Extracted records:
(* Assume that the support $S$ of $\mu$ is bounded with diameter $D>0$ and that for all $x\in S$ and $\varepsilon\in(0,D]$, $\mu(\mathcal{B}(x,\varepsilon))\geq\rho\varepsilon^d$ for some $\rho>0$. Let $X_1,\dots,X_N$ be i.i.d. with law $\mu$. Then for all $x\in S$ and all $i\in\{1,\dots,N\}$, \[ \mathbb{E}\left[D_{(i)}(x)\right]\leq 2\left(\frac{i}{\rho(N+1)}\right)^{1/d}. \]
   Context: $\mu$ is a probability measure on $\mathbb{R}^d$, $d\geq1$; $\mathcal{B}(x,\varepsilon)$ is the closed Euclidean ball of center $x$ and radius $\varepsilon$. For $x\in\mathbb{R}^d$, $D_{(i)}(x)=\|X_{(i)}(x)-x\|$ denotes the $i$-th smallest of the distances $\|X_1-x\|,\dots,\|X_N-x\|$ (the distance from $x$ to its $i$-th nearest neighbor among $X_1,\dots,X_N$). *)

theory Defs
  imports "HOL-Probability.Probability"
begin

definition measure_support :: "'a::metric_space measure \<Rightarrow> 'a set" where
  "measure_support \<mu> = {x. \<forall>e>0. emeasure \<mu> (ball x e) > 0}"

definition knn_dist ::
  "(nat \<Rightarrow> 'w \<Rightarrow> 'a::real_normed_vector) \<Rightarrow> nat \<Rightarrow> 'a \<Rightarrow> nat \<Rightarrow> 'w \<Rightarrow> real" where
  "knn_dist X N x i w = sort (map (\<lambda>j. norm (X j w - x)) [1..<N+1]) ! (i - 1)"

end

theory Submission
  imports Defs
begin

text \<open>
  Fix x in the support and write t for the distance from x to its i-th nearest sample point.
  Every y with |y - x| < t has fewer than i sample points at least as close to x as itself,
  so the ball B(x, t) lies in the set R of such y.  Almost surely all sample points lie in the
  support, so t is at most its diameter and the growth condition at radius t/2 gives
  \<rho> t^d \<le> 2^d \<mu>(R).

  Adding an independent (N+1)-th sample point, E \<mu>(R) becomes the probability that this point
  has fewer than i of the other points at least as close to x.  By exchangeability all N+1
  points have the same such probability, while for every configuration at most i of them have
  the property (the farthest of them has all the others at least as close); hence
  E \<mu>(R) \<le> i/(N+1).  Jensen's inequality for the convex map t \<mapsto> t^d, used in the form of
  the tangent-line bound t \<le> \<beta>(1 - 1/d) + \<beta>^(1-d) t^d / d at \<beta> = (2^d i / (\<rho>(N+1)))^(1/d),
  turns E t^d \<le> 2^d i / (\<rho>(N+1)) into the claimed bound on E t.
\<close>

definition closer_count ::
  "'a::real_normed_vector \<Rightarrow> (nat \<Rightarrow> 'a) \<Rightarrow> nat set \<Rightarrow> 'a \<Rightarrow> nat" where
  "closer_count x z J y = card {j\<in>J. norm (z j - x) \<le> norm (y - x)}"

lemma closer_count_cong:
  "(\<And>j. j \<in> J \<Longrightarrow> z j = z' j) \<Longrightarrow> closer_count x z J y = closer_count x z' J y"
  unfolding closer_count_def by (auto intro!: arg_cong[where f=card])

lemma closer_count_reindex:
  assumes "bij_betw \<sigma> J K"
  shows "closer_count x (z \<circ> \<sigma>) J y = closer_count x z K y"
proof -
  have "bij_betw \<sigma> {j\<in>J. norm (z (\<sigma> j) - x) \<le> norm (y - x)} {k\<in>K. norm (z k - x) \<le> norm (y - x)}"
    using assms by (auto simp: bij_betw_def inj_on_def image_iff)
  then show ?thesis
    unfolding closer_count_def by (simp add: bij_betw_same_card)
qed

lemma card_low_rank_le:
  fixes r :: "'i \<Rightarrow> 'b::linorder"
  assumes "finite I"
  shows "card {m\<in>I. card {j\<in>I - {m}. r j \<le> r m} < i} \<le> i"
proof -
  define T where "T = {m\<in>I. card {j\<in>I - {m}. r j \<le> r m} < i}"
  have "finite T" unfolding T_def using assms by simp
  have "card T \<le> i"
  proof (cases "T = {}")
    case False
    then have "Max (r ` T) \<in> r ` T" using \<open>finite T\<close> by simp
    then obtain m where m: "m \<in> T" "r m = Max (r ` T)" by auto
    then have "r k \<le> r m" if "k \<in> T" for k using \<open>finite T\<close> that by simp
    then have "card (T - {m}) \<le> card {j\<in>I - {m}. r j \<le> r m}"
      using assms by (intro card_mono) (auto simp: T_def)
    also have "\<dots> < i" using m(1) by (simp add: T_def)
    finally show ?thesis using m(1) \<open>finite T\<close> by (simp add: card_Diff_singleton)
  qed simp
  then show ?thesis unfolding T_def .
qed

lemma length_filter_le_less_sort_nth:
  fixes L :: "'b::linorder list"
  assumes "k < length L" "r < sort L ! k"
  shows "length (filter (\<lambda>v. v \<le> r) L) \<le> k"
proof -
  let ?s = "sort L"
  have "length (filter (\<lambda>v. v \<le> r) L) = length (filter (\<lambda>v. v \<le> r) ?s)"
    by (simp add: filter_sort)
  also have "\<dots> = card {l. l < length ?s \<and> ?s ! l \<le> r}"
    by (simp add: length_filter_conv_card)
  also have "\<dots> \<le> card {..<k}"
  proof (rule card_mono)
    show "{l. l < length ?s \<and> ?s ! l \<le> r} \<subseteq> {..<k}"
    proof
      fix l assume l: "l \<in> {l. l < length ?s \<and> ?s ! l \<le> r}"
      show "l \<in> {..<k}"
      proof (rule ccontr)
        assume "l \<notin> {..<k}"
        then have "?s ! k \<le> ?s ! l" using l by (intro sorted_nth_mono) auto
        then show False using l assms by auto
      qed
    qed
  qed simp
  finally show ?thesis by simp
qed

lemma knn_dist_in_distances:
  assumes "1 \<le> i" "i \<le> N"
  shows "\<exists>j\<in>{1..N}. knn_dist X N x i w = norm (X j w - x)"
proof -
  let ?L = "map (\<lambda>j. norm (X j w - x)) [1..<N+1]"
  have "sort ?L ! (i - 1) \<in> set (sort ?L)" using assms by (intro nth_mem) simp
  then show ?thesis unfolding knn_dist_def by auto
qed

lemma knn_dist_nonneg:
  assumes "1 \<le> i" "i \<le> N"
  shows "0 \<le> knn_dist X N x i w"
proof -
  obtain j where "knn_dist X N x i w = norm (X j w - x)"
    using knn_dist_in_distances[OF assms, where X=X and x=x and w=w] by blast
  then show ?thesis by simp
qed

lemma ball_knn_dist_subset:
  assumes "1 \<le> i" "i \<le> N"
  shows "ball x (knn_dist X N x i w) \<subseteq> {y. closer_count x (\<lambda>j. X j w) {1..N} y < i}"
proof
  fix y assume "y \<in> ball x (knn_dist X N x i w)"
  then have y: "norm (y - x) < knn_dist X N x i w"
    by (simp add: dist_norm norm_minus_commute)
  let ?L = "map (\<lambda>j. norm (X j w - x)) [1..<N+1]"
  let ?P = "\<lambda>j. norm (X j w - x) \<le> norm (y - x)"
  have "closer_count x (\<lambda>j. X j w) {1..N} y = card ({j. ?P j} \<inter> set [1..<N+1])"
    unfolding closer_count_def by (auto intro!: arg_cong[where f=card])
  also have "\<dots> = length (filter ?P [1..<N+1])"
    by (rule distinct_length_filter[symmetric]) simp
  also have "\<dots> = length (filter (\<lambda>v. v \<le> norm (y - x)) ?L)"
    by (simp add: filter_map comp_def)
  also have "\<dots> \<le> i - 1"
    using assms y by (intro length_filter_le_less_sort_nth) (auto simp: knn_dist_def)
  finally show "y \<in> {y. closer_count x (\<lambda>j. X j w) {1..N} y < i}" using assms by simp
qed

lemma borel_measurable_closer_count:
  fixes z :: "'b \<Rightarrow> nat \<Rightarrow> 'a::{real_normed_vector, second_countable_topology}"
  assumes "finite J" "\<And>j. j \<in> J \<Longrightarrow> (\<lambda>\<omega>. z \<omega> j) \<in> borel_measurable M"
    and "y \<in> borel_measurable M"
  shows "(\<lambda>\<omega>. real (closer_count x (z \<omega>) J (y \<omega>))) \<in> borel_measurable M"
proof -
  have eq: "real (closer_count x (z \<omega>) J (y \<omega>))
      = (\<Sum>j\<in>J. if norm (z \<omega> j - x) \<le> norm (y \<omega> - x) then 1 else 0)" for \<omega>
    using assms(1) by (simp add: closer_count_def sum.If_cases Int_def conj_commute)
  have "(\<lambda>\<omega>. if norm (z \<omega> j - x) \<le> norm (y \<omega> - x) then 1 else 0 :: real) \<in> borel_measurable M"
    if "j \<in> J" for j
    using assms(2)[OF that] assms(3) by measurable
  then show ?thesis unfolding eq by (rule borel_measurable_sum)
qed

lemma sets_closer_count_less:
  fixes z :: "'b \<Rightarrow> nat \<Rightarrow> 'a::{real_normed_vector, second_countable_topology}"
  assumes "finite J" "\<And>j. j \<in> J \<Longrightarrow> (\<lambda>\<omega>. z \<omega> j) \<in> borel_measurable M"
    and "y \<in> borel_measurable M"
  shows "{\<omega> \<in> space M. closer_count x (z \<omega>) J (y \<omega>) < i} \<in> sets M"
  using borel_measurable_less[OF borel_measurable_closer_count[OF assms] borel_measurable_const[of "real i"]]
  by simp

lemma sets_borel_closer_count_less:
  fixes z :: "nat \<Rightarrow> 'a::{real_normed_vector, second_countable_topology}"
  assumes "finite J"
  shows "{y. closer_count x z J y < i} \<in> sets borel"
  using sets_closer_count_less[of J "\<lambda>_. z" borel "\<lambda>y. y" x i, OF assms borel_measurable_const
      measurable_ident_sets[OF refl]]
  by simp

lemma borel_measurable_emeasure_closer_count:
  fixes \<mu> :: "'a::{real_normed_vector, second_countable_topology} measure"
  assumes "sigma_finite_measure \<mu>" "sets \<mu> = sets borel"
    and "finite J" "\<And>j. j \<in> J \<Longrightarrow> X j \<in> borel_measurable M"
  shows "(\<lambda>w. emeasure \<mu> {y. closer_count x (\<lambda>j. X j w) J y < i}) \<in> borel_measurable M"
proof -
  define A where "A = {p \<in> space (M \<Otimes>\<^sub>M \<mu>). closer_count x (\<lambda>j. X j (fst p)) J (snd p) < i}"
  have "snd \<in> borel_measurable (M \<Otimes>\<^sub>M \<mu>)"
    using measurable_snd[of M \<mu>] unfolding measurable_cong_sets[OF refl assms(2)] .
  then have "A \<in> sets (M \<Otimes>\<^sub>M \<mu>)"
    unfolding A_def using assms(3,4) by (intro sets_closer_count_less) auto
  then have "(\<lambda>w. emeasure \<mu> (Pair w -` A)) \<in> borel_measurable M"
    by (rule sigma_finite_measure.measurable_emeasure_Pair[OF assms(1)])
  moreover have "Pair w -` A = {y. closer_count x (\<lambda>j. X j w) J y < i}" if "w \<in> space M" for w
    using that sets_eq_imp_space_eq[OF assms(2)] by (auto simp: A_def space_pair_measure)
  ultimately show ?thesis by (simp cong: measurable_cong)
qed

lemma AE_measure_support:
  fixes \<mu> :: "'a::{metric_space, second_countable_topology} measure"
  assumes "sets \<mu> = sets borel"
  shows "AE y in \<mu>. y \<in> measure_support \<mu>"
proof -
  define F where "F = {ball y e | y e. e > 0 \<and> emeasure \<mu> (ball y e) = 0}"
  obtain F' where F': "F' \<subseteq> F" "countable F'" "\<Union>F' = \<Union>F"
    using Lindelof[of F] unfolding F_def by auto
  have "(\<Union>S\<in>F'. S) \<in> null_sets \<mu>"
    using F' by (intro null_sets_UN') (auto simp: F_def null_sets_def assms)
  moreover have "{y \<in> space \<mu>. y \<notin> measure_support \<mu>} \<subseteq> \<Union>F'"
  proof
    fix y assume "y \<in> {y \<in> space \<mu>. y \<notin> measure_support \<mu>}"
    then obtain e where "e > 0" "emeasure \<mu> (ball y e) = 0"
      unfolding measure_support_def by (auto simp: not_less)
    then show "y \<in> \<Union>F'" unfolding F' F_def by force
  qed
  ultimately show ?thesis by (auto intro: AE_I')
qed

lemma AE_distr_in_measure_support:
  fixes X :: "'w \<Rightarrow> 'a::{metric_space, second_countable_topology}"
  assumes "sets \<mu> = sets borel" "X \<in> borel_measurable M" "distr M borel X = \<mu>"
  shows "AE w in M. X w \<in> measure_support \<mu>"
proof (rule AE_distrD[OF assms(2)])
  show "AE y in distr M borel X. y \<in> measure_support \<mu>"
    unfolding assms(3) by (rule AE_measure_support[OF assms(1)])
qed

lemma emeasure_PiM_closer_count_exchangeable:
  fixes \<mu> :: "'a::{real_normed_vector, second_countable_topology} measure"
  assumes \<mu>: "prob_space \<mu>" "sets \<mu> = sets borel" and I: "finite I" "m \<in> I" "n \<in> I"
  defines "P \<equiv> PiM I (\<lambda>_. \<mu>)"
  shows "emeasure P {\<omega> \<in> space P. closer_count x \<omega> (I - {n}) (\<omega> n) < i}
    = emeasure P {\<omega> \<in> space P. closer_count x \<omega> (I - {m}) (\<omega> m) < i}"
proof -
  define E where "E k = {\<omega> \<in> space P. closer_count x \<omega> (I - {k}) (\<omega> k) < i}" for k
  define \<sigma> where "\<sigma> = Transposition.transpose m n"
  define T where "T \<omega> = (\<lambda>k\<in>I. \<omega> (\<sigma> k))" for \<omega> :: "nat \<Rightarrow> 'a"
  have \<sigma>_I: "\<sigma> \<in> I \<rightarrow> I" "inj_on \<sigma> I"
    using I by (auto simp: \<sigma>_def Transposition.transpose_def)
  have distr_T: "distr P P T = P"
    unfolding P_def T_def using distr_PiM_reindex[of I "\<lambda>_. \<mu>" \<sigma> I] \<mu> \<sigma>_I by simp
  have T_meas: "T \<in> measurable P P"
    unfolding T_def P_def using \<sigma>_I by (intro measurable_restrict measurable_component_singleton) auto
  have "\<sigma> ` (I - {m}) = I - {n}"
    using I unfolding \<sigma>_def by (simp add: image_set_diff inj_transpose)
  then have "bij_betw \<sigma> (I - {m}) (I - {n})"
    unfolding \<sigma>_def by (intro bij_betw_imageI) simp_all
  then have "closer_count x (\<omega> \<circ> \<sigma>) (I - {m}) y = closer_count x \<omega> (I - {n}) y" for \<omega> y
    by (rule closer_count_reindex)
  moreover have "closer_count x (T \<omega>) (I - {m}) y = closer_count x (\<omega> \<circ> \<sigma>) (I - {m}) y" for \<omega> y
    by (rule closer_count_cong) (simp add: T_def)
  moreover have "T \<omega> m = \<omega> n" for \<omega>
    using I(2) by (simp add: T_def \<sigma>_def)
  ultimately have "T -` E m \<inter> space P = E n"
    using T_meas by (auto simp: E_def measurable_space)
  moreover have "E m \<in> sets P"
    unfolding E_def P_def using I(1,2) measurable_component_singleton[of _ I "\<lambda>_. \<mu>"]
    by (intro sets_closer_count_less) (auto simp: measurable_cong_sets[OF refl \<mu>(2)])
  ultimately show ?thesis
    using emeasure_distr[OF T_meas] by (simp add: distr_T E_def)
qed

_ASSIGNED TASK_
From the opening line of the data above through the line holding "has fewer than i of", give every line again exactly as it stands.

_RESULT_
(* Assume that the support $S$ of $\mu$ is bounded with diameter $D>0$ and that for all $x\in S$ and $\varepsilon\in(0,D]$, $\mu(\mathcal{B}(x,\varepsilon))\geq\rho\varepsilon^d$ for some $\rho>0$. Let $X_1,\dots,X_N$ be i.i.d. with law $\mu$. Then for all $x\in S$ and all $i\in\{1,\dots,N\}$, \[ \mathbb{E}\left[D_{(i)}(x)\right]\leq 2\left(\frac{i}{\rho(N+1)}\right)^{1/d}. \]
   Context: $\mu$ is a probability measure on $\mathbb{R}^d$, $d\geq1$; $\mathcal{B}(x,\varepsilon)$ is the closed Euclidean ball of center $x$ and radius $\varepsilon$. For $x\in\mathbb{R}^d$, $D_{(i)}(x)=\|X_{(i)}(x)-x\|$ denotes the $i$-th smallest of the distances $\|X_1-x\|,\dots,\|X_N-x\|$ (the distance from $x$ to its $i$-th nearest neighbor among $X_1,\dots,X_N$). *)

theory Defs
  imports "HOL-Probability.Probability"
begin

definition measure_support :: "'a::metric_space measure \<Rightarrow> 'a set" where
  "measure_support \<mu> = {x. \<forall>e>0. emeasure \<mu> (ball x e) > 0}"

definition knn_dist ::
  "(nat \<Rightarrow> 'w \<Rightarrow> 'a::real_normed_vector) \<Rightarrow> nat \<Rightarrow> 'a \<Rightarrow> nat \<Rightarrow> 'w \<Rightarrow> real" where
  "knn_dist X N x i w = sort (map (\<lambda>j. norm (X j w - x)) [1..<N+1]) ! (i - 1)"

end

theory Submission
  imports Defs
begin

text \<open>
  Fix x in the support and write t for the distance from x to its i-th nearest sample point.
  Every y with |y - x| < t has fewer than i sample points at least as close to x as itself,
  so the ball B(x, t) lies in the set R of such y.  Almost surely all sample points lie in the
  support, so t is at most its diameter and the growth condition at radius t/2 gives
  \<rho> t^d \<le> 2^d \<mu>(R).

  Adding an independent (N+1)-th sample point, E \<mu>(R) becomes the probability that this point
  has fewer than i of the other points at least as close to x.  By exchangeability all N+1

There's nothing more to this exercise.